I tried to swallow, but my throat was too tight and dry. “What
was
that thing?”

“Nahash-Dred,” Isaac said. “I wasn’t kidding when I told you to brace yourself.”

He hit a key and the film began to play backward. He paused it right at the moment when the camera caught a glimpse of the demon. It was just a grainy image through the trees, but I could make out a wreath of horns around the demon’s head, a dark, patterned hide, and a portion of the batlike wings that sprouted from his ridged spine. But it wasn’t just his enormous size that made him so frightening. Even through a simple, blurry film-still like this, I could sense something infinitely terrible about Nahash-Dred, and infinitely powerful.

I couldn’t help thinking again about the vision the cloaked man had given me. The city in ruins. Countless dead. Looking at the terrifying creature on the monitors, it could only have been about Nahash-Dred. We had to stop Arkwright from summoning the demon again, no matter what it took.

A familiar female voice from behind us said, “What the hell is that?”

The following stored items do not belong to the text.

theorem wpow_ival_1:
  assumes "2 \<le> n" "1 \<le> d" "d \<le> n"
  shows "braid_eq n (wpow (ival 1 n) d) (ival d 1 @ ival 1 n @ wpow (ival 1 (n - 1)) (d - 1))"
  using assms(2,3)
proof (induction d rule: nat_induct_at_least)
  case base
  then show ?case
    using assms by (simp add: wpow_Suc braid_eq.refl valid_word_ival)
next
  case (Suc d)
  define X where "X = ival 1 n"
  define Y where "Y = ival 1 (n - 1)"
  have vX: "valid_word n X" and vY: "valid_word n (wpow Y (d - 1))"
    using assms by (simp_all add: X_def Y_def valid_word_ival valid_word_wpow)
  have shift: "braid_eq n (X @ ival d 1) (ival (Suc d) 2 @ X)"
  proof -
    have "braid_eq n (X @ ival d 1) (map (\<lambda>k. k + 1) (ival d 1) @ X)"
      unfolding X_def using Suc assms by (intro ival_1_word_shift) (auto dest!: set_ival)
    then show ?thesis
      using map_Suc_ival[of d 1] by (simp add: numeral_2_eq_2)
  qed
  have "braid_eq n (X @ wpow X d) (X @ ival d 1 @ X @ wpow Y (d - 1))"
    using Suc vX by (intro braid_eq_append_left) (auto simp: X_def Y_def)
  also have "braid_eq n \<dots> (ival (Suc d) 2 @ X @ X @ wpow Y (d - 1))"
    using braid_eq_append_right[OF shift, of "X @ wpow Y (d - 1)"] vX vY by simp
  also have "braid_eq n \<dots> (ival (Suc d) 2 @ [1] @ X @ Y @ wpow Y (d - 1))"
    using braid_eq_context[OF ival_1_square[OF assms(1)], of "ival (Suc d) 2" "wpow Y (d - 1)"]
      Suc assms vY by (simp add: X_def Y_def valid_word_ival)
  also have "\<dots> = ival (Suc d) 1 @ X @ wpow Y d"
    using Suc ival_Suc_2_snoc[of d] wpow_Suc[of Y "d - 1"] by simp
  finally show ?case
    by (simp add: wpow_Suc X_def Y_def)
qed

theorem wpow_ival_down:
  assumes "2 \<le> n" "1 \<le> d" "d \<le> n"
  shows "braid_eq n (wpow (ival n 1) d) (wpow (ival (n - 1) 1) (d - 1) @ ival n 1 @ ival 1 d)"
  using braid_eq_rev[OF wpow_ival_1[OF assms]] by (simp add: rev_wpow rev_ival)

lemma ival_down_up_commute:
  assumes "1 \<le> i" "i + 2 \<le> n"
  shows "braid_eq n ((ival n 1 @ ival 1 n) @ [int i]) ([int i] @ ival n 1 @ ival 1 n)"
proof -
  have vn: "valid_word n (ival n 1)" "valid_word n (ival 1 n)"
    using assms by (auto intro!: valid_word_ival)
  have "braid_eq n (ival n 1 @ ival 1 n @ [int i]) (ival n 1 @ (int i + 1) # ival 1 n)"
    using ival_1_letter_shift[OF assms] vn by (intro braid_eq_append_left) auto
  also have "braid_eq n \<dots> (int i # ival n 1 @ ival 1 n)"
    using braid_eq_append_right[OF ival_down_letter_shift[OF assms] vn(2)] by simp
  finally show ?thesis
    by simp
qed

lemma wpow_ival_down_self:
  assumes "1 \<le> n"
  shows "braid_eq n (wpow (ival n 1) n) (wpow (ival 1 n) n)"
  using assms
proof (induction n rule: nat_induct_at_least)
  case base
  then show ?case
    by (simp add: wpow_Suc ival_def braid_eq.refl)
next
  case (Suc m)
  define n where "n = Suc m"
  have n2: "2 \<le> n"
    using Suc n_def by simp
  define A where "A = ival n 1 @ ival 1 n"
  define W where "W = wpow (ival 1 m) m"
  have vA: "valid_word n A"
    using n2 by (auto simp: A_def intro!: valid_word_ival)
  have "braid_eq n (wpow (ival n 1) n) (wpow (ival m 1) m @ A)"
    using wpow_ival_down[OF n2, of n] n2 by (simp add: A_def n_def)
  also have "braid_eq n \<dots> (W @ A)"
    using braid_eq_mono[OF Suc.IH] vA by (intro braid_eq_append_right) (auto simp: W_def n_def)
  also have "braid_eq n \<dots> (A @ W)"
  proof -
    have "braid_eq n (A @ W) (map id W @ A)"
    proof (rule braid_eq_move_word[OF vA])
      fix k assume "k \<in> set W"
      then have "k \<in> set (ival 1 m)"
        using set_wpow unfolding W_def by blast
      then have "1 \<le> nat k" "nat k + 2 \<le> n" "k = int (nat k)"
        using Suc n_def by (auto dest!: set_ival)
      then show "braid_eq n (A @ [k]) ([id k] @ A)"
        using ival_down_up_commute[of "nat k" n] by (simp add: A_def)
    qed
    then show ?thesis
      by (simp add: braid_eq.sym)
  qed
  also have "braid_eq n \<dots> (wpow (ival 1 n) n)"
    using wpow_ival_1[OF n2, of n] n2 by (simp add: A_def W_def n_def braid_eq.sym)
  finally show ?case
    by (simp add: n_def)
qed

lemma wpow_ival_down_letter_shift:
  assumes "2 \<le> n" "k < j" "j + 1 \<le> n"
  shows "braid_eq n (wpow (ival n 1) k @ [int j]) ((int j - int k) # wpow (ival n 1) k)"
  using assms(2)
proof (induction k)
  case 0
  then show ?case
    using assms by (simp add: braid_eq.refl)
next
  case (Suc k)
  have vn: "valid_word n (ival n 1)"
    using assms by (intro valid_word_ival) auto
  have "braid_eq n (ival n 1 @ wpow (ival n 1) k @ [int j]) (ival n 1 @ (int j - int k) # wpow (ival n 1) k)"
    using Suc vn by (intro braid_eq_append_left) auto
  also have "braid_eq n \<dots> (int (j - Suc k) # ival n 1 @ wpow (ival n 1) k)"
  proof -
    have "braid_eq n (ival n 1 @ [int (j - Suc k) + 1]) (int (j - Suc k) # ival n 1)"
      using ival_down_letter_shift[of "j - Suc k" n] Suc assms by auto
    from braid_eq_append_right[OF this valid_word_wpow[OF vn]] show ?thesis
      using Suc by (simp add: of_nat_diff)
  qed
  finally show ?case
    using Suc by (simp add: wpow_Suc of_nat_diff)
qed

fun half_twist :: "nat \<Rightarrow> bword" where
  "half_twist 0 = []"
| "half_twist (Suc n) = ival 1 (Suc n) @ half_twist n"

lemma set_half_twist: "k \<in> set (half_twist n) \<Longrightarrow> 1 \<le> k \<and> k < int n"
  by (induction n) (auto dest!: set_ival)

lemma valid_word_half_twist: "valid_word n (half_twist n)"
  using set_half_twist unfolding valid_word_def by fastforce

lemma half_twist_letter_flip:
  "1 \<le> i \<Longrightarrow> i < n \<Longrightarrow> braid_eq n (half_twist n @ [int i]) ((int n - int i) # half_twist n)"
proof (induction n arbitrary: i)
  case 0
  then show ?case by simp
next
  case (Suc n)
  define X where "X = ival 1 (Suc n)"
  have vX: "valid_word (Suc n) X"
    unfolding X_def by (intro valid_word_ival) auto
  have vD: "valid_word (Suc n) (half_twist n)"
    using valid_word_mono[OF valid_word_half_twist] by simp
  show ?case
  proof (cases "i < n")
    case True
    have "braid_eq (Suc n) (X @ half_twist n @ [int i]) (X @ (int n - int i) # half_twist n)"
      using braid_eq_mono[OF Suc.IH[of i]] True Suc.prems vX by (intro braid_eq_append_left) auto
    also have "braid_eq (Suc n) \<dots> ((int (n - i) + 1) # X @ half_twist n)"
    proof -
      have "braid_eq (Suc n) (X @ [int (n - i)]) ((int (n - i) + 1) # X)"
        using ival_1_letter_shift[of "n - i" "Suc n"] True Suc.prems by (auto simp: X_def)
      from braid_eq_append_right[OF this vD] show ?thesis
        using True by (simp add: of_nat_diff)
    qed
    finally show ?thesis
      using True by (simp add: X_def algebra_simps)
  next
    case False
    then have i: "i = n"
      using Suc.prems by simp
    then obtain p where p: "n = Suc p"
      using Suc.prems by (cases n) auto
    have vDp: "valid_word (Suc n) (half_twist p)"
      using valid_word_mono[OF valid_word_half_twist, of p "Suc n"] p by simp
    have far: "braid_eq (Suc n) ([int n] @ half_twist p) (half_twist p @ [int n])"
      using p by (intro braid_eq_commute_far) (auto dest!: set_half_twist)
    have vi: "valid_word (Suc n) (ival 1 n)"
      using p by (intro valid_word_ival) auto
    have "braid_eq (Suc n) (X @ ival 1 n @ half_twist p @ [int n]) (X @ ival 1 n @ [int n] @ half_twist p)"
      using braid_eq_append_left[OF braid_eq.sym[OF far], of "X @ ival 1 n"] vX vi by simp
    also have "\<dots> = X @ X @ half_twist p"
      using ival_1_Suc[of n] p by (simp add: X_def)
    also have "braid_eq (Suc n) \<dots> ([1] @ X @ ival 1 n @ half_twist p)"
      using braid_eq_append_right[OF ival_1_square vDp] p by (simp add: X_def)
    finally show ?thesis
      using i p by (simp add: X_def)
  qed
qed

lemma half_twist_word_flip:
  assumes "\<forall>k\<in>set w. 1 \<le> k \<and> k < int n"
  shows "braid_eq n (half_twist n @ w) (map (\<lambda>k. int n - k) w @ half_twist n)"
proof (rule braid_eq_move_word[OF valid_word_half_twist])
  fix k assume "k \<in> set w"
  then have "1 \<le> nat k" "nat k < n" "k = int (nat k)"
    using assms by auto
  then show "braid_eq n (half_twist n @ [k]) ([int n - k] @ half_twist n)"
    using half_twist_letter_flip[of "nat k" n] by simp
qed

lemmas [trans] = markov_eq.trans

lemma markov_eq_refl: "1 \<le> n \<Longrightarrow> valid_word n a \<Longrightarrow> markov_eq n a n a"
  by (simp add: markov_eq.braid braid_eq.refl)

lemma closure_eqI: "markov_eq n a m b \<Longrightarrow> closure n a = closure m b"
  unfolding closure_def by (auto intro: markov_eq.trans markov_eq.sym)

lemma markov_eq_conj_braid:
  assumes "1 \<le> n" "valid_word n g" "valid_word n a" "braid_eq n (g @ a @ binv g) b"
  shows "markov_eq n a n b"
  using assms markov_eq.sym[OF markov_eq.conj] markov_eq.braid by (blast intro: markov_eq.trans)

lemma markov_eq_rotate:
  assumes "1 \<le> n" "valid_word n u" "valid_word n v"
  shows "markov_eq n (u @ v) n (v @ u)"
proof (rule markov_eq_conj_braid)
  show "braid_eq n (v @ (u @ v) @ binv v) (v @ u)"
    using braid_eq_cancel_binv[of n "v @ u" v "[]"] assms by simp
qed (use assms in auto)

lemma markov_eq_destab: "1 \<le> n \<Longrightarrow> valid_word n a \<Longrightarrow> markov_eq (Suc n) (a @ [int n]) n a"
  by (rule markov_eq.sym, rule markov_eq.stab_pos)

lemma markov_eq_ival_1_destab_Suc:
  assumes "1 \<le> \<rho>" "\<rho> \<le> n" "valid_word n \<gamma>"
  shows "markov_eq (Suc n) (\<gamma> @ wpow (ival 1 (Suc n)) \<rho>) n (\<gamma> @ ival \<rho> 1 @ wpow (ival 1 n) \<rho>)"
proof -
  have n1: "1 \<le> n"
    using assms by simp
  define W where "W = wpow (ival 1 n) (\<rho> - 1)"
  define U where "U = \<gamma> @ ival \<rho> 1 @ ival 1 n"
  have vU: "valid_word n U" and vW: "valid_word n W"
    using assms by (auto simp: U_def W_def intro!: valid_word_ival valid_word_wpow)
  have "braid_eq (Suc n) (wpow (ival 1 (Suc n)) \<rho>) (ival \<rho> 1 @ ival 1 (Suc n) @ W)"
    using wpow_ival_1[of "Suc n" \<rho>] assms by (simp add: W_def)
  from braid_eq_append_left[OF this valid_word_mono[OF assms(3)]]
  have "markov_eq (Suc n) (\<gamma> @ wpow (ival 1 (Suc n)) \<rho>) (Suc n) ((U @ [int n]) @ W)"
    using markov_eq.braid ival_1_Suc[OF n1] by (simp add: U_def)
  also have "markov_eq (Suc n) \<dots> (Suc n) ((W @ U) @ [int n])"
    using markov_eq_rotate[of "Suc n" "U @ [int n]" W] valid_word_mono[OF vU] valid_word_mono[OF vW] n1
    by simp
  also have "markov_eq (Suc n) \<dots> n (W @ U)"
    using markov_eq_destab[OF n1, of "W @ U"] vU vW by simp
  also have "markov_eq n \<dots> n (U @ W)"
    using markov_eq_rotate[OF n1 vW vU] .
  also have "U @ W = \<gamma> @ ival \<rho> 1 @ wpow (ival 1 n) \<rho>"
    using assms wpow_Suc[of "ival 1 n" "\<rho> - 1"] by (simp add: U_def W_def)
  finally show ?thesis .
qed

lemma markov_eq_ival_down_destab_Suc:
  assumes "1 \<le> \<rho>" "\<rho> \<le> n" "valid_word n \<gamma>"
  shows "markov_eq (Suc n) (\<gamma> @ wpow (ival (Suc n) 1) \<rho>) n (ival 1 \<rho> @ \<gamma> @ wpow (ival n 1) \<rho>)"
proof -
  have n1: "1 \<le> n"
    using assms by simp
  define V where "V = wpow (ival n 1) (\<rho> - 1)"
  define Z where "Z = ival n 1 @ ival 1 \<rho>"
  have vV: "valid_word n V" and vZ: "valid_word n Z"
    using assms by (auto simp: V_def Z_def intro!: valid_word_ival valid_word_wpow)
  have "braid_eq (Suc n) (wpow (ival (Suc n) 1) \<rho>) (V @ ival (Suc n) 1 @ ival 1 \<rho>)"
    using wpow_ival_down[of "Suc n" \<rho>] assms by (simp add: V_def)
  from braid_eq_append_left[OF this valid_word_mono[OF assms(3)]]
  have "markov_eq (Suc n) (\<gamma> @ wpow (ival (Suc n) 1) \<rho>) (Suc n) ((\<gamma> @ V @ [int n]) @ Z)"
    using markov_eq.braid ival_Suc_1[OF n1] by (simp add: Z_def)
  also have "markov_eq (Suc n) \<dots> (Suc n) ((Z @ \<gamma> @ V) @ [int n])"
    using markov_eq_rotate[of "Suc n" "\<gamma> @ V @ [int n]" Z] valid_word_mono[OF vV, of "Suc n"]
      valid_word_mono[OF vZ, of "Suc n"] valid_word_mono[OF assms(3), of "Suc n"] n1
    by simp
  also have "markov_eq (Suc n) \<dots> n (ival n 1 @ ival 1 \<rho> @ \<gamma> @ V)"
    using markov_eq_destab[OF n1, of "Z @ \<gamma> @ V"] vZ vV assms by (simp add: Z_def)
  also have "markov_eq n \<dots> n ((ival 1 \<rho> @ \<gamma> @ V) @ ival n 1)"
    using markov_eq_rotate[OF n1, of "ival n 1" "ival 1 \<rho> @ \<gamma> @ V"] vZ vV assms
    by (simp add: Z_def)
  also have "(ival 1 \<rho> @ \<gamma> @ V) @ ival n 1 = ival 1 \<rho> @ \<gamma> @ wpow (ival n 1) \<rho>"
    using assms wpow_Suc_right[of "ival n 1" "\<rho> - 1"] by (simp add: V_def)
  finally show ?thesis .
qed

lemma markov_eq_ival_1_destab:
  assumes "1 \<le> \<rho>" "\<rho> \<le> m" "valid_word m \<gamma>"
  shows "markov_eq (m + x) (\<gamma> @ wpow (ival 1 (m + x)) \<rho>) m (\<gamma> @ wpow (ival \<rho> 1) x @ wpow (ival 1 m) \<rho>)"
  using assms(3)
proof (induction x arbitrary: \<gamma>)
  case 0
  then show ?case
    using assms by (auto intro!: markov_eq_refl valid_word_wpow valid_word_ival)
next
  case (Suc x)
  have "markov_eq (m + Suc x) (\<gamma> @ wpow (ival 1 (m + Suc x)) \<rho>) (m + x)
      ((\<gamma> @ ival \<rho> 1) @ wpow (ival 1 (m + x)) \<rho>)"
    using markov_eq_ival_1_destab_Suc[of \<rho> "m + x" \<gamma>] assms valid_word_mono[OF Suc.prems] by simp
  also have "markov_eq (m + x) \<dots> m ((\<gamma> @ ival \<rho> 1) @ wpow (ival \<rho> 1) x @ wpow (ival 1 m) \<rho>)"
    using Suc assms by (intro Suc.IH) (auto intro!: valid_word_ival)
  finally show ?case
    by (simp add: wpow_Suc)
qed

I turned to see Gabrielle standing in the main room of Citadel as if no time had passed at all. She wore a red, ribbed sweater under her open black leather jacket, and a matching red silk scarf around her neck.

She stared at the demon on the monitors and tucked one long, braided dreadlock behind her ear. “Oh lord, what trouble have you gotten yourselves into now?”

We all got up from the table and hugged and kissed her, peppering her with questions about what she’d been up to and how she was feeling. She put up her hands in mock surrender.

“Whoa, whoa, one at a time.” She gestured at the table. “Mind if I sit?”